Task to complete -
Going through the data below, tally every line where the string "notin" occurs, then give only the tally.

══ Data shown

(* Let $\mathcal{T}$ be a finite tree whose vertex set is partitioned into two sets $X$ and $Y$ with $\mathrm{Card}(X),\mathrm{Card}(Y)\ge 2$, every edge joining a vertex of $X$ to a vertex of $Y$; let $E\subseteq X\times Y$ be its set of edges. For $x\in X$, $y\in Y$ let $Y_x=\{y\in Y:(x,y)\in E\}$ and $X_y=\{x\in X:(x,y)\in E\}$. Let $(G,+)$ be an abelian group and $H$ a subgroup of $G$. Suppose $g:X\cup Y\cup E\to G$ satisfies: (1) $g(X\cup Y)\subseteq H$; (2) for all $x\in X$, $g(x)=\sum_{y\in Y_x}g(x,y)$, and for all $y\in Y$, $g(y)=\sum_{x\in X_y}g(x,y)$. Then $g(x,y)\in H$ for all $(x,y)\in E$. *)

theory Defs
  imports Main
begin

definition adj :: "('v \<times> 'v) set \<Rightarrow> 'v \<Rightarrow> 'v \<Rightarrow> bool" where
  "adj E u v \<longleftrightarrow> (u, v) \<in> E \<or> (v, u) \<in> E"

definition is_walk :: "'v set \<Rightarrow> ('v \<times> 'v) set \<Rightarrow> 'v list \<Rightarrow> bool" where
  "is_walk V E ps \<longleftrightarrow> ps \<noteq> [] \<and> set ps \<subseteq> V \<and>
     (\<forall>i. Suc i < length ps \<longrightarrow> adj E (ps ! i) (ps ! Suc i))"

definition graph_connected :: "'v set \<Rightarrow> ('v \<times> 'v) set \<Rightarrow> bool" where
  "graph_connected V E \<longleftrightarrow>
     (\<forall>u\<in>V. \<forall>v\<in>V. \<exists>ps. is_walk V E ps \<and> hd ps = u \<and> last ps = v)"

definition is_cycle :: "'v set \<Rightarrow> ('v \<times> 'v) set \<Rightarrow> 'v list \<Rightarrow> bool" where
  "is_cycle V E cs \<longleftrightarrow> length cs \<ge> 3 \<and> distinct cs \<and> is_walk V E cs \<and>
     adj E (last cs) (hd cs)"

definition graph_acyclic :: "'v set \<Rightarrow> ('v \<times> 'v) set \<Rightarrow> bool" where
  "graph_acyclic V E \<longleftrightarrow> \<not> (\<exists>cs. is_cycle V E cs)"

definition bipartite_tree :: "'v set \<Rightarrow> 'v set \<Rightarrow> ('v \<times> 'v) set \<Rightarrow> bool" where
  "bipartite_tree X Y E \<longleftrightarrow> finite X \<and> finite Y \<and> X \<inter> Y = {} \<and> E \<subseteq> X \<times> Y \<and>
     X \<union> Y \<noteq> {} \<and> graph_connected (X \<union> Y) E \<and> graph_acyclic (X \<union> Y) E"

definition add_subgroup :: "'a::ab_group_add set \<Rightarrow> bool" where
  "add_subgroup H \<longleftrightarrow> 0 \<in> H \<and> (\<forall>a\<in>H. \<forall>b\<in>H. a + b \<in> H) \<and> (\<forall>a\<in>H. - a \<in> H)"

end

theory Submission
  imports Defs
begin

text \<open>A finite forest with at least one edge has a leaf \<open>v\<close>; its unique edge \<open>e\<close> carries
  \<open>g(e) = g(v) \<in> H\<close>. Deleting \<open>e\<close>, setting the label of \<open>v\<close> to \<open>0\<close> and subtracting \<open>g(e)\<close> from the
  label of the other endpoint keeps the vertex labels in \<open>H\<close> and both summation identities
  intact, so induction on the number of edges finishes the proof.\<close>

lemma add_subgroup_diff:
  assumes "add_subgroup H" "a \<in> H" "b \<in> H"
  shows "a - b \<in> H"
  using assms unfolding add_subgroup_def by (metis diff_conv_add_uminus)

lemma is_walk_mono: "is_walk V E ps \<Longrightarrow> E \<subseteq> E' \<Longrightarrow> is_walk V E' ps"
  unfolding is_walk_def adj_def by blast

lemma graph_acyclic_antimono: "graph_acyclic V E' \<Longrightarrow> E \<subseteq> E' \<Longrightarrow> graph_acyclic V E"
  unfolding graph_acyclic_def is_cycle_def adj_def using is_walk_mono[of V E _ E']
  by (metis (no_types, lifting) in_mono)

lemma is_walk_snoc:
  assumes "is_walk V E ps" "w \<in> V" "adj E (last ps) w"
  shows "is_walk V E (ps @ [w])"
  unfolding is_walk_def
proof (intro conjI allI impI)
  show "set (ps @ [w]) \<subseteq> V" using assms(1,2) unfolding is_walk_def by auto
  fix i assume i: "Suc i < length (ps @ [w])"
  show "adj E ((ps @ [w]) ! i) ((ps @ [w]) ! Suc i)"
  proof (cases "Suc i < length ps")
    case True
    then show ?thesis using assms(1) unfolding is_walk_def by (auto simp: nth_append)
  next
    case False
    with i have "i = length ps - 1" by simp
    with False show ?thesis using assms(1,3) unfolding is_walk_def by (simp add: nth_append last_conv_nth)
  qed
qed simp

lemma is_walk_drop:
  assumes "is_walk V E ps" "j < length ps"
  shows "is_walk V E (drop j ps)"
  using assms set_drop_subset[of j ps] unfolding is_walk_def by (auto simp: add.commute)

lemma finite_distinct_walks:
  assumes "finite V"
  shows "finite {ps. is_walk V E ps \<and> distinct ps}"
proof (rule finite_subset)
  show "{ps. is_walk V E ps \<and> distinct ps} \<subseteq> {ps. set ps \<subseteq> V \<and> length ps \<le> card V}"
    unfolding is_walk_def using assms by (auto simp: card_mono simp flip: distinct_card)
  show "finite {ps. set ps \<subseteq> V \<and> length ps \<le> card V}"
    using finite_lists_length_le[OF assms] by simp
qed

text \<open>A neighbour of the last vertex of a longest path is either off the path (and extends it)
  or, unless it is the penultimate vertex, closes a cycle with a suffix of the path.\<close>

lemma longest_path_end_neighbour:
  assumes acyc: "graph_acyclic V E" and EV: "E \<subseteq> V \<times> V" and loop_free: "\<And>u. (u, u) \<notin> E"
    and path: "is_walk V E ps" "distinct ps"
    and longest: "\<And>qs. is_walk V E qs \<Longrightarrow> distinct qs \<Longrightarrow> length qs \<le> length ps"
    and nb: "adj E (last ps) w"
  shows "w = ps ! (length ps - 2)"
proof -
  define n where "n = length ps"
  have last_ps: "last ps = ps ! (n - 1)"
    using path(1) unfolding is_walk_def n_def by (simp add: last_conv_nth)
  have "w \<in> set ps"
  proof (rule ccontr)
    assume "w \<notin> set ps"
    moreover have "w \<in> V" using nb EV unfolding adj_def by auto
    ultimately have "length (ps @ [w]) \<le> length ps"
      using longest is_walk_snoc[OF path(1) _ nb] path(2) by (simp del: length_append)
    then show False by simp
  qed
  then obtain j where j: "j < n" "ps ! j = w" unfolding n_def by (metis in_set_conv_nth)
  have "j \<noteq> n - 1" using j last_ps nb loop_free unfolding adj_def by auto
  show ?thesis
  proof (rule ccontr)
    assume "w \<noteq> ps ! (length ps - 2)"
    with j have "j \<noteq> n - 2" unfolding n_def by auto
    with j \<open>j \<noteq> n - 1\<close> have "j + 3 \<le> n" by linarith
    then have "is_cycle V E (drop j ps)"
      unfolding is_cycle_def n_def
      using path is_walk_drop[OF path(1), of j] nb j
      by (auto simp: hd_drop_conv_nth n_def)
    then show False using acyc unfolding graph_acyclic_def by blast
  qed
qed

lemma acyclic_graph_has_leaf:
  assumes fin: "finite V" and EV: "E \<subseteq> V \<times> V" and loop_free: "\<And>u. (u, u) \<notin> E"
    and ne: "E \<noteq> {}" and acyc: "graph_acyclic V E"
  obtains v w where "adj E v w" and "\<And>w'. adj E v w' \<Longrightarrow> w' = w"
proof -
  define P where "P = {ps. is_walk V E ps \<and> distinct ps}"
  have finP: "finite P" using finite_distinct_walks[OF fin] unfolding P_def .
  obtain a b where ab: "(a, b) \<in> E" using ne by auto
  have abP: "[a, b] \<in> P"
    using ab EV loop_free[of a] unfolding P_def is_walk_def adj_def by (auto simp: less_Suc_eq)
  have "Max (length ` P) \<in> length ` P" using finP abP by (intro Max_in) auto
  then obtain ps where ps: "ps \<in> P" "length ps = Max (length ` P)" by auto
  have longest: "length qs \<le> length ps" if "qs \<in> P" for qs
    using finP that ps(2) by simp
  have two: "2 \<le> length ps" using longest[OF abP] by simp
  have walk: "is_walk V E ps" "distinct ps" using ps(1) unfolding P_def by auto
  have "adj E (ps ! (length ps - 2)) (ps ! Suc (length ps - 2))"
    using walk(1) two unfolding is_walk_def by simp
  moreover have "ps ! Suc (length ps - 2) = last ps"
    using walk(1) two unfolding is_walk_def by (simp add: last_conv_nth Suc_diff_Suc numeral_2_eq_2)
  ultimately have "adj E (last ps) (ps ! (length ps - 2))" unfolding adj_def by auto
  moreover have "w' = ps ! (length ps - 2)" if "adj E (last ps) w'" for w'
    using longest_path_end_neighbour[OF acyc EV loop_free walk _ that] longest
    unfolding P_def by blast
  ultimately show ?thesis using that by blast
qed

definition edge_sums ::
    "'v set \<Rightarrow> 'v set \<Rightarrow> ('v \<times> 'v) set \<Rightarrow> ('v \<Rightarrow> 'a::comm_monoid_add) \<Rightarrow> ('v \<times> 'v \<Rightarrow> 'a) \<Rightarrow> bool" where
  "edge_sums X Y E gv ge \<longleftrightarrow>
     (\<forall>x\<in>X. gv x = (\<Sum>y\<in>{y\<in>Y. (x, y) \<in> E}. ge (x, y))) \<and>
     (\<forall>y\<in>Y. gv y = (\<Sum>x\<in>{x\<in>X. (x, y) \<in> E}. ge (x, y)))"

lemma edge_sums_converse:
  "edge_sums Y X (E\<inverse>) gv (ge \<circ> prod.swap) \<longleftrightarrow> edge_sums X Y E gv ge"
  unfolding edge_sums_def by auto

lemma edge_sums_remove_leaf_edge:
  fixes gv :: "'v \<Rightarrow> 'a::ab_group_add"
  assumes sums: "edge_sums X Y E gv ge" and fin: "finite X" and disj: "X \<inter> Y = {}"
    and x: "x \<in> X" and leaf: "{y\<in>Y. (x, y) \<in> E} = {w}"
  shows "ge (x, w) = gv x"
    and "edge_sums X Y (E - {(x, w)}) (gv(x := 0, w := gv w - gv x)) ge"
proof -
  have sX: "\<And>x. x \<in> X \<Longrightarrow> gv x = (\<Sum>y\<in>{y\<in>Y. (x, y) \<in> E}. ge (x, y))"
    and sY: "\<And>y. y \<in> Y \<Longrightarrow> gv y = (\<Sum>x\<in>{x\<in>X. (x, y) \<in> E}. ge (x, y))"
    using sums unfolding edge_sums_def by auto
  have w: "w \<in> Y" "(x, w) \<in> E" using leaf by auto
  have "x \<noteq> w" using x w disj by blast
  show ge_leaf: "ge (x, w) = gv x" using sX[OF x] leaf by simp
  show "edge_sums X Y (E - {(x, w)}) (gv(x := 0, w := gv w - gv x)) ge"
    unfolding edge_sums_def
  proof (intro conjI ballI)
    fix x' assume x': "x' \<in> X"
    show "(gv(x := 0, w := gv w - gv x)) x' = (\<Sum>y\<in>{y\<in>Y. (x', y) \<in> E - {(x, w)}}. ge (x', y))"
    proof (cases "x' = x")
      case True
      have no_edges: "{y\<in>Y. (x, y) \<in> E - {(x, w)}} = {}" using leaf by auto
      show ?thesis unfolding True no_edges using \<open>x \<noteq> w\<close> by simp
    next
      case False
      then have "{y\<in>Y. (x', y) \<in> E - {(x, w)}} = {y\<in>Y. (x', y) \<in> E}" by auto
      then show ?thesis using False sX[OF x'] x' w disj by auto
    qed
  next
    fix y assume y: "y \<in> Y"
    show "(gv(x := 0, w := gv w - gv x)) y = (\<Sum>x'\<in>{x'\<in>X. (x', y) \<in> E - {(x, w)}}. ge (x', y))"
    proof (cases "y = w")
      case True
      then have "{x'\<in>X. (x', y) \<in> E - {(x, w)}} = {x'\<in>X. (x', w) \<in> E} - {x}" by auto
      then show ?thesis using True sY[OF y] ge_leaf x w disj fin by (auto simp: sum_diff1)
    next
      case False
      then have "{x'\<in>X. (x', y) \<in> E - {(x, w)}} = {x'\<in>X. (x', y) \<in> E}" by auto
      then show ?thesis using False sY[OF y] x y disj by auto
    qed
  qed
qed

lemma edge_sums_remove_leaf:
  fixes gv :: "'v \<Rightarrow> 'a::ab_group_add"
  assumes sums: "edge_sums X Y E gv ge" and fin: "finite X" "finite Y" and disj: "X \<inter> Y = {}"
    and bip: "E \<subseteq> X \<times> Y" and leaf: "adj E v w" "\<And>w'. adj E v w' \<Longrightarrow> w' = w"
  obtains e where "e \<in> E" and "ge e = gv v"
    and "edge_sums X Y (E - {e}) (gv(v := 0, w := gv w - gv v)) ge"
proof (cases "v \<in> X")
  case True
  then have "{y\<in>Y. (v, y) \<in> E} = {w}" using bip disj leaf unfolding adj_def by blast
  then show ?thesis using that edge_sums_remove_leaf_edge[OF sums fin(1) disj True] by blast
next
  case False
  \<comment> \<open>A leaf in \<open>Y\<close> is a leaf in the first part of the converse graph.\<close>
  then have v: "v \<in> Y" and "(w, v) \<in> E" using bip leaf(1) unfolding adj_def by auto
  have "{x\<in>X. (v, x) \<in> E\<inverse>} = {w}" using bip disj leaf v unfolding adj_def by blast
  moreover have "edge_sums Y X (E\<inverse>) gv (ge \<circ> prod.swap)" using sums by (simp add: edge_sums_converse)
  moreover have "Y \<inter> X = {}" using disj by blast
  ultimately have "ge (w, v) = gv v"
    and "edge_sums Y X (E\<inverse> - {(v, w)}) (gv(v := 0, w := gv w - gv v)) (ge \<circ> prod.swap)"
    using edge_sums_remove_leaf_edge[of Y X "E\<inverse>" gv "ge \<circ> prod.swap" v w] fin(2) v by simp_all
  moreover have "E\<inverse> - {(v, w)} = (E - {(w, v)})\<inverse>" by auto
  ultimately show ?thesis using that \<open>(w, v) \<in> E\<close> by (simp add: edge_sums_converse)
qed

lemma bipartite_forest_edge_sums_in_subgroup:
  fixes gv :: "'v \<Rightarrow> 'a::ab_group_add"
  assumes fin: "finite X" "finite Y" and disj: "X \<inter> Y = {}" and H: "add_subgroup H"
  shows "E \<subseteq> X \<times> Y \<Longrightarrow> graph_acyclic (X \<union> Y) E \<Longrightarrow> gv ` (X \<union> Y) \<subseteq> H \<Longrightarrow>
    edge_sums X Y E gv ge \<Longrightarrow> ge ` E \<subseteq> H"
proof (induction "card E" arbitrary: E gv rule: less_induct)
  case (less E gv)
  note bip = less.prems(1) and acyc = less.prems(2) and gv_H = less.prems(3)
    and sums = less.prems(4)
  show ?case
  proof (cases "E = {}")
    case False
    have "E \<subseteq> (X \<union> Y) \<times> (X \<union> Y)" and "\<And>u. (u, u) \<notin> E" using bip disj by auto
    then obtain v w where leaf: "adj E v w" "\<And>w'. adj E v w' \<Longrightarrow> w' = w"
      using acyclic_graph_has_leaf[of "X \<union> Y" E] fin False acyc by blast
    then obtain e where e: "e \<in> E" "ge e = gv v"
      and sums': "edge_sums X Y (E - {e}) (gv(v := 0, w := gv w - gv v)) ge"
      using edge_sums_remove_leaf[OF sums fin disj bip] by blast
    have "v \<in> X \<union> Y" "w \<in> X \<union> Y" using leaf(1) bip unfolding adj_def by auto
    then have gv_vw: "gv v \<in> H" "gv w \<in> H" using gv_H by auto
    have "0 \<in> H" using H unfolding add_subgroup_def by blast
    then have gv'_H: "gv(v := 0, w := gv w - gv v) ` (X \<union> Y) \<subseteq> H"
      using gv_H add_subgroup_diff[OF H gv_vw(2,1)] by (auto simp: image_subset_iff)
    have card_lt: "card (E - {e}) < card E"
      using e(1) bip fin by (meson card_Diff1_less finite_SigmaI finite_subset)
    have "E - {e} \<subseteq> X \<times> Y" using bip by blast
    moreover have "graph_acyclic (X \<union> Y) (E - {e})" using graph_acyclic_antimono[OF acyc] by blast
    ultimately have "ge ` (E - {e}) \<subseteq> H" using less.hyps[OF card_lt _ _ gv'_H sums'] by blast
    moreover have "ge e \<in> H" using e gv_vw by simp
    ultimately show ?thesis by blast
  qed simp
qed

theorem lemma3p2:
  fixes X Y :: "'v set" and E :: "('v \<times> 'v) set"
    and H :: "'a::ab_group_add set"
    and gv :: "'v \<Rightarrow> 'a" and ge :: "'v \<times> 'v \<Rightarrow> 'a"
  assumes tree: "bipartite_tree X Y E"
    and cardX: "card X \<ge> 2" and cardY: "card Y \<ge> 2"
    and sub: "add_subgroup H"
    and vert: "gv ` (X \<union> Y) \<subseteq> H"
    and sumX: "\<And>x. x \<in> X \<Longrightarrow> gv x = (\<Sum>y\<in>{y\<in>Y. (x, y) \<in> E}. ge (x, y))"
    and sumY: "\<And>y. y \<in> Y \<Longrightarrow> gv y = (\<Sum>x\<in>{x\<in>X. (x, y) \<in> E}. ge (x, y))"
  shows "\<forall>e\<in>E. ge e \<in> H"
proof -
  have "edge_sums X Y E gv ge" using sumX sumY unfolding edge_sums_def by blast
  then show ?thesis
    using tree bipartite_forest_edge_sums_in_subgroup[OF _ _ _ sub _ _ vert]
    unfolding bipartite_tree_def by blast
qed

end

════

Expected answer -
4